第一只喵提示您:看后求收藏(詩鼎小說網(wǎng)網(wǎng)www.autocad360.cn),接著再看更方便。
“那太好了,”于季實仿佛是松一口氣的模樣,看他一眼,“父親還一直擔心呢,這就好。”
擔心什么,怕他會苛待她么?韓湛淡淡瞥一眼。自從執(zhí)掌都尉司,他在京中的名聲并不算得好,像于連晦這些清流大約是把他當成爪牙黑手之類看待,或者有畏懼,但未必瞧得起。
在于連晦看來,大約會覺得她嫁給他屬實委屈了,只是不知道她自己,又會怎么看。
前面便是廳堂,于季實躬身相請:“韓大人,慕姐姐,請進。”
韓湛邁步進門,廳中于連晦聞聲起身,看見他時微微一怔,也只得拱手為禮:“見過韓大人。”

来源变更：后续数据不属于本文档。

lemma anti_iso_right_cancellative: "left_cancellative H \<Longrightarrow> right_cancellative G"
  unfolding left_cancellative_def right_cancellative_def
  using F_anti F_in F_inj by metis

lemma anti_iso_has_right_gcds: "has_left_gcds H \<Longrightarrow> has_right_gcds G"
  unfolding has_left_gcds_def has_right_gcds_def
proof (intro ballI)
  fix a b assume gcds: "\<forall>a\<in>carrier H. \<forall>b\<in>carrier H. \<exists>d. is_left_gcd H d a b"
    and a: "a \<in> carrier G" and b: "b \<in> carrier G"
  then obtain d' where d': "is_left_gcd H d' (F a) (F b)" using F_in by blast
  then obtain d where d: "d \<in> carrier G" "d' = F d" by (auto simp: is_left_gcd_def elim: F_surj)
  have "is_right_gcd G d a b"
    using d d' a b F_in anti_iso_right_div_iff by (auto simp: is_left_gcd_def is_right_gcd_def)
  then show "\<exists>d. is_right_gcd G d a b" ..
qed

end

section \<open>Reduced words\<close>

fun reduce_cons :: "'a \<times> 'a \<Rightarrow> ('a \<times> 'a) list \<Rightarrow> ('a \<times> 'a) list" where
  "reduce_cons g [] = (if fst g = snd g then [] else [g])"
| "reduce_cons g (h # w) = (if fst g = snd g then h # w
      else if snd g = fst h then (fst g, snd h) # w else g # h # w)"

fun reduce :: "('a \<times> 'a) list \<Rightarrow> ('a \<times> 'a) list" where
  "reduce [] = []"
| "reduce (g # w) = reduce_cons g (reduce w)"

fun reduced :: "('a \<times> 'a) list \<Rightarrow> bool" where
  "reduced [] = True"
| "reduced [g] = (fst g \<noteq> snd g)"
| "reduced (g # h # w) = (fst g \<noteq> snd g \<and> snd g \<noteq> fst h \<and> reduced (h # w))"
lemma signed_minor_of_clique:
  assumes "clique V E K" and "finite K" and "t \<le> card K"
  shows "signed_minor {..<t} (\<lambda>x y. x \<noteq> y) (\<lambda>_ _. False) V E (\<lambda>_ _. False)"
proof -
  obtain e where e: "inj_on e {..<t}" "e ` {..<t} \<subseteq> V"
    and adj: "\<And>i j. i < t \<Longrightarrow> j < t \<Longrightarrow> i \<noteq> j \<Longrightarrow> E (e i) (e j)"
    using clique_enumeration[OF assms] by blast
  have "connected_in {v} R" for v and R :: "'a \<Rightarrow> 'a \<Rightarrow> bool"
    by (simp add: connected_in_def)
  then show ?thesis
    unfolding signed_minor_def using e adj
    by (intro exI[of _ "\<lambda>_. False"] exI[of _ "\<lambda>x. {e x}"]) (auto simp: switched_sign_def inj_on_def)
qed

lemma strongly_1_shallow_minor_of_clique:
  assumes "clique V E K" and "finite K" and "t \<le> card K"
  shows "strongly_1_shallow_minor V E t"
proof -
  obtain e where e: "inj_on e {..<t}" "e ` {..<t} \<subseteq> V"
    and adj: "\<And>i j. i < t \<Longrightarrow> j < t \<Longrightarrow> i \<noteq> j \<Longrightarrow> E (e i) (e j)"
    using clique_enumeration[OF assms] by blast
  then show ?thesis
    unfolding strongly_1_shallow_minor_def
    by (intro exI[of _ e] exI[of _ "\<lambda>_. {}"]) (auto simp: bag_ports_def inj_on_def)
qed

“于大人。”韓湛拱手還禮,禮畢之后,又向他躬身行禮,“晚輩見過于世伯。”
慕雪盈怔了下,看見他清肅的身姿,恭敬的神色。她明白他的意思,先前拱手為禮,是與于連晦敘同僚之誼,行平輩禮,如今他卻是按著她與于連晦的關(guān)系,行晚輩禮,口稱世伯。
讓她驀地想起上次他與她一道祭祀父母時,亦是同樣恭敬,恪守禮數(shù),絕不曾因為他們是這樣做成的夫妻,而有半分輕慢。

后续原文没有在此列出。